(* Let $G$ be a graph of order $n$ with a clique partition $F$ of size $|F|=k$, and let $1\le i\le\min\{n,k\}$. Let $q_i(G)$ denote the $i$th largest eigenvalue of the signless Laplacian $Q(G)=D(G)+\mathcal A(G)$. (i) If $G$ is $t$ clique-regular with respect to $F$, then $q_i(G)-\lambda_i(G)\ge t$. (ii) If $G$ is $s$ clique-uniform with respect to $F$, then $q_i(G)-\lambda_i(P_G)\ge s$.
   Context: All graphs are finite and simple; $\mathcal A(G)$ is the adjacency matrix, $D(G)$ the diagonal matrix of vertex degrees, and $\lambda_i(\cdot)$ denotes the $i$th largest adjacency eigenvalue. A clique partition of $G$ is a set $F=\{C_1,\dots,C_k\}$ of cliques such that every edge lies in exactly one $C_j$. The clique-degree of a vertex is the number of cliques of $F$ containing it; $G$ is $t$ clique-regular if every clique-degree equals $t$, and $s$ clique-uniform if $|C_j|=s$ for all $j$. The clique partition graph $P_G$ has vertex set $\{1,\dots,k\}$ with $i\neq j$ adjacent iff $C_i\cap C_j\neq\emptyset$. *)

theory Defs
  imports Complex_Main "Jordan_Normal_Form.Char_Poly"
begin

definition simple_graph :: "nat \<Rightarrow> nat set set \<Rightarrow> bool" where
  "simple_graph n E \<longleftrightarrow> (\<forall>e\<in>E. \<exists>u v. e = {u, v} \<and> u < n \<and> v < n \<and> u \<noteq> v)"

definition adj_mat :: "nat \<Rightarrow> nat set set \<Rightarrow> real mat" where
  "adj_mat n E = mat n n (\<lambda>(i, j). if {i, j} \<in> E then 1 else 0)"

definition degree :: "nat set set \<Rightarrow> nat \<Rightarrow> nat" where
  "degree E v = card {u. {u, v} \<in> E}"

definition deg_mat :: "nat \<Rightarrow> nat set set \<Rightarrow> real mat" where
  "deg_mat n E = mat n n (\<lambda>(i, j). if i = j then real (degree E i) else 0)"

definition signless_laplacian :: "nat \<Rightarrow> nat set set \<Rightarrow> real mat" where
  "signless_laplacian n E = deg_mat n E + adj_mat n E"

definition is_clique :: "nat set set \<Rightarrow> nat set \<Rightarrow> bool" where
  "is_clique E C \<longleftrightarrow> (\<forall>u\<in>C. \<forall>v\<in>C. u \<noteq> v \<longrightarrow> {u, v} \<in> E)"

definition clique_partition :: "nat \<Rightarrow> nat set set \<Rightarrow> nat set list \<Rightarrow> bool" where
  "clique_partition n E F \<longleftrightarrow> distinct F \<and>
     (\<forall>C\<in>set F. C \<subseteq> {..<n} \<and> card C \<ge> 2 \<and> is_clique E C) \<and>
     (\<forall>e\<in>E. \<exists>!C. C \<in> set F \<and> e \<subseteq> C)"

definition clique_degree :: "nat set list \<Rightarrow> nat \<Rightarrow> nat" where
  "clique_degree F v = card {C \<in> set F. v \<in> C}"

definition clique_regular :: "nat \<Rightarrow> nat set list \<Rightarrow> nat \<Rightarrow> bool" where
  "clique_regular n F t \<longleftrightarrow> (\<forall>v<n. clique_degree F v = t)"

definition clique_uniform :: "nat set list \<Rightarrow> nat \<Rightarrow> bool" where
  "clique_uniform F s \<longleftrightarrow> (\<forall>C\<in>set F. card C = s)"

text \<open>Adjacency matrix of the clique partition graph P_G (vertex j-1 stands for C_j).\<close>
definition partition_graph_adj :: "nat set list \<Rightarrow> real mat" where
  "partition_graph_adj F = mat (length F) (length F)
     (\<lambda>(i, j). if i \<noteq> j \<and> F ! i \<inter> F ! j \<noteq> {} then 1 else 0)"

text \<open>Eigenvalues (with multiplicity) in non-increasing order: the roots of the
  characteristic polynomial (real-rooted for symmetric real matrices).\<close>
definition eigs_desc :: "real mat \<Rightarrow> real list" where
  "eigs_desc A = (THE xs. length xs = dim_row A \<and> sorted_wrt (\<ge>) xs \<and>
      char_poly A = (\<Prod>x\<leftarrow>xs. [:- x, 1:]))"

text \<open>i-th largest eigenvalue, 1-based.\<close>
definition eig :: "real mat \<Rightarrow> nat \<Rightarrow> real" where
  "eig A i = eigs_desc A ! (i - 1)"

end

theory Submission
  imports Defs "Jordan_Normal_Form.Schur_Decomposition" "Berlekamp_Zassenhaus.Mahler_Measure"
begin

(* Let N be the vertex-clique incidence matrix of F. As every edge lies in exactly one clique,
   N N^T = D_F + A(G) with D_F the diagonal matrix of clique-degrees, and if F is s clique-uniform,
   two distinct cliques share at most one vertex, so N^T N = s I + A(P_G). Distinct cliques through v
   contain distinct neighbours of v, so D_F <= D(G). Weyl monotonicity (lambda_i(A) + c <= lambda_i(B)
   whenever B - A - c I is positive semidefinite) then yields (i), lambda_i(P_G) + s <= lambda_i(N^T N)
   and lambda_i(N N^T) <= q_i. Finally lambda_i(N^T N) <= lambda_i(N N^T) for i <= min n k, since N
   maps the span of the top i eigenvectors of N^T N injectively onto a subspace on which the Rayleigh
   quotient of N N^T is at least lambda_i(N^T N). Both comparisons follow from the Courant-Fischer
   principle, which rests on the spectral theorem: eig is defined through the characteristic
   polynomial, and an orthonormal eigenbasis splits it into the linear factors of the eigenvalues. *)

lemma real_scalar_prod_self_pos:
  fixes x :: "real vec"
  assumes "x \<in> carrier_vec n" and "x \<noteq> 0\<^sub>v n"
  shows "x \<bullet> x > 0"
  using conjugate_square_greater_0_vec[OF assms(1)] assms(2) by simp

* * *

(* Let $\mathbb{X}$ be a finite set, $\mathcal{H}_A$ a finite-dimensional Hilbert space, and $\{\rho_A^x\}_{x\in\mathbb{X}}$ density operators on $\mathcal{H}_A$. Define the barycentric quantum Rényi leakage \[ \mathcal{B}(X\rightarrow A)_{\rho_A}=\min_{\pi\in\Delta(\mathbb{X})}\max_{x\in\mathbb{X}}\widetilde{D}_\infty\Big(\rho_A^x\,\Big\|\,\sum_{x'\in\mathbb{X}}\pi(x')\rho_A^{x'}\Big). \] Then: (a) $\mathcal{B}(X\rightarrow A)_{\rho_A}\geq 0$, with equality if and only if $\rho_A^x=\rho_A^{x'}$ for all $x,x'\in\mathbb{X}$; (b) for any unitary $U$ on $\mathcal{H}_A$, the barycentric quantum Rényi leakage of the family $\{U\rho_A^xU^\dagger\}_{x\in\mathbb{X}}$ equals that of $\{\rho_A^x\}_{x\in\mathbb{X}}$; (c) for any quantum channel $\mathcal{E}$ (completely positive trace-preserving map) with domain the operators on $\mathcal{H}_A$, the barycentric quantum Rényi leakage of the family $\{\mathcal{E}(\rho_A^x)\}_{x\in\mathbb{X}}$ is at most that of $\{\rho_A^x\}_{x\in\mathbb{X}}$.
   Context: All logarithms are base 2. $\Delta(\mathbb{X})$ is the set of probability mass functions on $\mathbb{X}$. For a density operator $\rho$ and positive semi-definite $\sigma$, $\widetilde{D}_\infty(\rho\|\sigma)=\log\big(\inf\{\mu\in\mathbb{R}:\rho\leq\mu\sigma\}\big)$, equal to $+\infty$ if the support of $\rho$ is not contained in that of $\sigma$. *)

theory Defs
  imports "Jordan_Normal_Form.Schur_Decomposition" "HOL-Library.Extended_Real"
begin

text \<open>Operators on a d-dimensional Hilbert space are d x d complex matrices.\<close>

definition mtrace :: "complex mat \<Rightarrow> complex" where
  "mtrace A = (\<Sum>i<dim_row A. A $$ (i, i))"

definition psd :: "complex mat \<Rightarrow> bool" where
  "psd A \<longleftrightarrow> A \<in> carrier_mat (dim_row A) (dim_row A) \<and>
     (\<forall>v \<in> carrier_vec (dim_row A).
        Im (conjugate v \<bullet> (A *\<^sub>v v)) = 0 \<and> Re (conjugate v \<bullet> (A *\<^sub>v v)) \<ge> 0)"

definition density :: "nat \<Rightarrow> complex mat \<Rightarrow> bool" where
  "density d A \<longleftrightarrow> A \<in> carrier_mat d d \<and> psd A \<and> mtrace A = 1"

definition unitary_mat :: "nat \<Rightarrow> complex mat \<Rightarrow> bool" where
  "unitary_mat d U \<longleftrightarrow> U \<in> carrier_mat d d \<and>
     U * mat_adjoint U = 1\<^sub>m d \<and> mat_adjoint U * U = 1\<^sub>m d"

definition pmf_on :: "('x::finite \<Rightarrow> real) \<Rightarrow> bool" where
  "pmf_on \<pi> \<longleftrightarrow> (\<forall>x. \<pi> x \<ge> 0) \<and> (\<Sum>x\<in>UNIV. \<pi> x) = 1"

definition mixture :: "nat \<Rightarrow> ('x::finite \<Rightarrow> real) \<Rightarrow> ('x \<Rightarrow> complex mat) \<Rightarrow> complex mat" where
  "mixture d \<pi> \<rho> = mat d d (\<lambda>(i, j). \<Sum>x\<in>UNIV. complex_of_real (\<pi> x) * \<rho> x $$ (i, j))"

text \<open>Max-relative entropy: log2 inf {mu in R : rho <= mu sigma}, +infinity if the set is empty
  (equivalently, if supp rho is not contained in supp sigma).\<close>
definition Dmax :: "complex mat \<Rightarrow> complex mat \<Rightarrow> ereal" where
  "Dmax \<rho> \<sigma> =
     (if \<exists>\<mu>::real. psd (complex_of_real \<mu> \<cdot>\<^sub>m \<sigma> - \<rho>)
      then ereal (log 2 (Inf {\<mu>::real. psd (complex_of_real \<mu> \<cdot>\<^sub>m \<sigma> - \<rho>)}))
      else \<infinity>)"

§ HOW TO COMPLETE THIS TASK
The expected answer is an exact copy of the lines above, beginning at the line with "(\<forall>C\<in>set F. C \<subseteq>" and ending at the line with "F) (length F)", with both ends in.

§ RESULT FOR THIS TASK
     (\<forall>C\<in>set F. C \<subseteq> {..<n} \<and> card C \<ge> 2 \<and> is_clique E C) \<and>
     (\<forall>e\<in>E. \<exists>!C. C \<in> set F \<and> e \<subseteq> C)"

definition clique_degree :: "nat set list \<Rightarrow> nat \<Rightarrow> nat" where
  "clique_degree F v = card {C \<in> set F. v \<in> C}"

definition clique_regular :: "nat \<Rightarrow> nat set list \<Rightarrow> nat \<Rightarrow> bool" where
  "clique_regular n F t \<longleftrightarrow> (\<forall>v<n. clique_degree F v = t)"

definition clique_uniform :: "nat set list \<Rightarrow> nat \<Rightarrow> bool" where
  "clique_uniform F s \<longleftrightarrow> (\<forall>C\<in>set F. card C = s)"

text \<open>Adjacency matrix of the clique partition graph P_G (vertex j-1 stands for C_j).\<close>
definition partition_graph_adj :: "nat set list \<Rightarrow> real mat" where
  "partition_graph_adj F = mat (length F) (length F)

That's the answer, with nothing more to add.